Johnny's Software Lab LLC is expert in performance. Had a performance problem not explainable by code. Using llvm-mca to debug a simple convolution kernel loop.
- Plain-old C version: for loop with inner loop for calculation.
- Vectorized version using outer loop vectorization: runs 4 instances of inner loop in parallel.
- After optimization: uses vmlaq_laneq_f32 and unrolls inner loop. But has 5 repeated vld1q_f32.
- Use vextq_f32 to improve by concatenating loads. But runtime of new version is slower.
- Investigation with llvm-mca: shows 5L version has more instructions but fewer uOperations and uses less cycles. 2L3E has one less instruction but more uOps per cycle. 5L spits out a block every 5.7 cycles and 2L3E every 6.5 cycles.

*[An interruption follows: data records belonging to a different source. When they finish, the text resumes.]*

section \<open>Densities outside \<open>F_CSSA\<close>\<close>

lemma fssa_conds_interior_supp_nonempty:
  assumes "fssa_conds f r C A"
  shows "interior (supp f) \<noteq> {}"
proof -
  have "\<forall>m\<ge>1. supp f = (\<Union>i\<le>m. A m i) \<and> disjoint_family_on (A m) {..m}
      \<and> (\<exists>h>0. adjacent_cubes h m (A m))"
    using assms unfolding fssa_conds_def by (elim conjE)
  then obtain h where h: "0 < h" and supp: "supp f = (\<Union>i\<le>1. A 1 i)" and adj: "adjacent_cubes h 1 (A 1)"
    by blast
  have "part_cube h (A 1 1)"
    using adj by (simp add: adjacent_cubes_def)
  then obtain u where "{u<..<u + h} \<subseteq> A 1 1"
    unfolding part_cube_def by (metis greaterThanLessThan_subseteq_atLeastAtMost_iff
        greaterThanLessThan_subseteq_atLeastLessThan_iff greaterThanLessThan_subseteq_greaterThanAtMost_iff order_refl)
  also have "\<dots> \<subseteq> supp f"
    using supp by auto
  finally have "{u<..<u + h} \<subseteq> interior (supp f)"
    by (simp add: interior_maximal)
  moreover have "u + h / 2 \<in> {u<..<u + h}"
    using h by simp
  ultimately show ?thesis
    by blast
qed

lemma Fmeas_le_one:
  assumes "is_density f"
  shows "Fmeas f B \<le> 1"
proof -
  have "Fmeas f B \<le> (\<integral>\<^sup>+ x. ennreal (f x) \<partial>lebesgue)"
    unfolding Fmeas_def by (intro nn_integral_mono) (auto simp: indicator_def)
  then show ?thesis
    using assms by (simp add: is_density_def)
qed

lemma Fmeas_supp:
  assumes "is_density f"
  shows "Fmeas f (supp f) = 1"
proof -
  have "Fmeas f (supp f) = (\<integral>\<^sup>+ x. ennreal (f x) \<partial>lebesgue)"
    unfolding Fmeas_def supp_def by (intro nn_integral_cong) (auto simp: indicator_def not_less ennreal_neg)
  then show ?thesis
    using assms by (simp add: is_density_def)
qed

lemma Fmeas_UN_le:
  assumes "is_density f" and Y: "\<And>l. Y l \<in> sets lebesgue"
  shows "Fmeas f (\<Union>l. Y l) \<le> (\<Sum>l. Fmeas f (Y l))"
proof -
  let ?F = "density lebesgue (\<lambda>x. ennreal (f x))"
  have f: "f \<in> borel_measurable lebesgue"
    using assms by (simp add: is_density_def)
  have Fmeas: "Fmeas f B = emeasure ?F B" if "B \<in> sets lebesgue" for B
    using f that by (simp add: Fmeas_def emeasure_density mult.commute)
  have "emeasure ?F (\<Union>l. Y l) \<le> (\<Sum>l. emeasure ?F (Y l))"
    using Y by (intro emeasure_subadditive_countably) auto
  then show ?thesis
    using Y by (simp add: Fmeas sets.countable_UN)
qed

lemma interior_supp_empty_not_in_F_CSSA:
  assumes "interior (supp f) = {}"
  shows "f \<notin> F_CSSA"
proof
  assume "f \<in> F_CSSA"
  then have dens: "is_density f"
    by (simp add: F_CSSA_def)
  obtain Y :: "nat \<Rightarrow> real set" and r C A
    where Y: "\<forall>l\<ge>1. Y l \<in> sets lebesgue" and cover: "supp f = (\<Union>l\<in>{1..}. Y l)"
      and pieces: "\<forall>l\<ge>1. enn2real (Fmeas f (Y l)) > 0 \<longrightarrow>
          is_density (\<lambda>x. f x * indicator (Y l) x / enn2real (Fmeas f (Y l)))
        \<and> fssa_conds (\<lambda>x. f x * indicator (Y l) x / enn2real (Fmeas f (Y l))) (r l) (C l) (A l)"
    using \<open>f \<in> F_CSSA\<close> unfolding F_CSSA_def Let_def mem_Collect_eq
    by (elim conjE exE) (rule that, assumption+)
  have "\<exists>l\<ge>1. Fmeas f (Y l) \<noteq> 0"
  proof (rule ccontr)
    assume "\<not> ?thesis"
    moreover have "{1..} = range Suc"
      by (auto simp: image_iff) (metis Suc_pred' less_eq_Suc_le)
    then have "supp f = (\<Union>l. Y (Suc l))"
      using cover by (simp add: image_image)
    ultimately have "Fmeas f (supp f) \<le> 0"
      using Fmeas_UN_le[OF dens, of "\<lambda>l. Y (Suc l)"] Y by simp
    then show False
      using Fmeas_supp[OF dens] by simp
  qed
  then obtain l where l: "1 \<le> l" "Fmeas f (Y l) \<noteq> 0"
    by blast
  moreover have "Fmeas f (Y l) < \<top>"
    using order_le_less_trans[OF Fmeas_le_one[OF dens] ennreal_one_less_top] .
  ultimately have p_pos: "0 < enn2real (Fmeas f (Y l))"
    by (simp add: enn2real_positive_iff zero_less_iff_neq_zero)
  then have "fssa_conds (\<lambda>x. f x * indicator (Y l) x / enn2real (Fmeas f (Y l))) (r l) (C l) (A l)"
    using pieces l(1) by blast
  then have "interior (supp (\<lambda>x. f x * indicator (Y l) x / enn2real (Fmeas f (Y l)))) \<noteq> {}"
    by (rule fssa_conds_interior_supp_nonempty)
  moreover have "supp (\<lambda>x. f x * indicator (Y l) x / enn2real (Fmeas f (Y l))) \<subseteq> supp f"
    using p_pos by (auto simp: supp_def indicator_def zero_less_divide_iff)
  ultimately show False
    using assms interior_mono by (metis subset_empty)
qed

- Instruction Info Table: 2L3E wins in latency and throughput metrics, but resource consumption and instruction dependencies are missing.
- Resource Consumption View: 5L uses resources more balanced. 2L3E uses execution ports more, suggesting contention.
- Timeline Graph: 5L issues one load instruction per cycle. 2L3E has delay as ext instructions wait for load.
- Bottleneck Analysis: 5L has no resource or data dependency bottlenecks. 2L3E has 38.62% increase in pressure on backend with 36.56% execution port pressure and 37.59% data dependencies pressure.
Conclusion: 5L is faster due to balanced use of CPU execution units and independent load instructions. llvm-mca is a useful tool but has limitations like only detecting backend problems and emulating load instructions with small latency.